lemma send_convex_combination_memI:
  assumes u: "u \<in> fuzzy_numbers" and v: "v \<in> fuzzy_numbers"
    and "(x, \<gamma>\<^sub>1) \<in> send u" "(y, \<gamma>\<^sub>2) \<in> send v"
  shows "(t *\<^sub>R x + (1 - t) *\<^sub>R y, min \<gamma>\<^sub>1 \<gamma>\<^sub>2) \<in> send (fadd (fscale t u) (fscale (1 - t) v))"
proof -
  note s = acut_convex_combination[OF u v, where t = t]
  have "0 \<le> min \<gamma>\<^sub>1 \<gamma>\<^sub>2"
    using assms(3,4) by (simp add: mem_send_iff[OF u] mem_send_iff[OF v])
  then have "(x, min \<gamma>\<^sub>1 \<gamma>\<^sub>2) \<in> send u" "(y, min \<gamma>\<^sub>1 \<gamma>\<^sub>2) \<in> send v"
    using send_downward_closed[OF u] send_downward_closed[OF v] assms(3,4) by auto
  then have "min \<gamma>\<^sub>1 \<gamma>\<^sub>2 \<in> {0..1}" "x \<in> acut u (min \<gamma>\<^sub>1 \<gamma>\<^sub>2)" "y \<in> acut v (min \<gamma>\<^sub>1 \<gamma>\<^sub>2)"
    by (simp_all add: mem_send_iff[OF u] mem_send_iff[OF v])
  then show ?thesis using s(2) by (simp add: mem_send_iff[OF s(1)]) blast
qed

● **EXERCISE**
Every record must be retyped so that it matches the original exactly.

● **YOUR RESPONSE**
lemma send_convex_combination_memI:
  assumes u: "u \<in> fuzzy_numbers" and v: "v \<in> fuzzy_numbers"
    and "(x, \<gamma>\<^sub>1) \<in> send u" "(y, \<gamma>\<^sub>2) \<in> send v"
  shows "(t *\<^sub>R x + (1 - t) *\<^sub>R y, min \<gamma>\<^sub>1 \<gamma>\<^sub>2) \<in> send (fadd (fscale t u) (fscale (1 - t) v))"
proof -
  note s = acut_convex_combination[OF u v, where t = t]
  have "0 \<le> min \<gamma>\<^sub>1 \<gamma>\<^sub>2"
    using assms(3,4) by (simp add: mem_send_iff[OF u] mem_send_iff[OF v])
  then have "(x, min \<gamma>\<^sub>1 \<gamma>\<^sub>2) \<in> send u" "(y, min \<gamma>\<^sub>1 \<gamma>\<^sub>2) \<in> send v"
    using send_downward_closed[OF u] send_downward_closed[OF v] assms(3,4) by auto
  then have "min \<gamma>\<^sub>1 \<gamma>\<^sub>2 \<in> {0..1}" "x \<in> acut u (min \<gamma>\<^sub>1 \<gamma>\<^sub>2)" "y \<in> acut v (min \<gamma>\<^sub>1 \<gamma>\<^sub>2)"
    by (simp_all add: mem_send_iff[OF u] mem_send_iff[OF v])
  then show ?thesis using s(2) by (simp add: mem_send_iff[OF s(1)]) blast
qed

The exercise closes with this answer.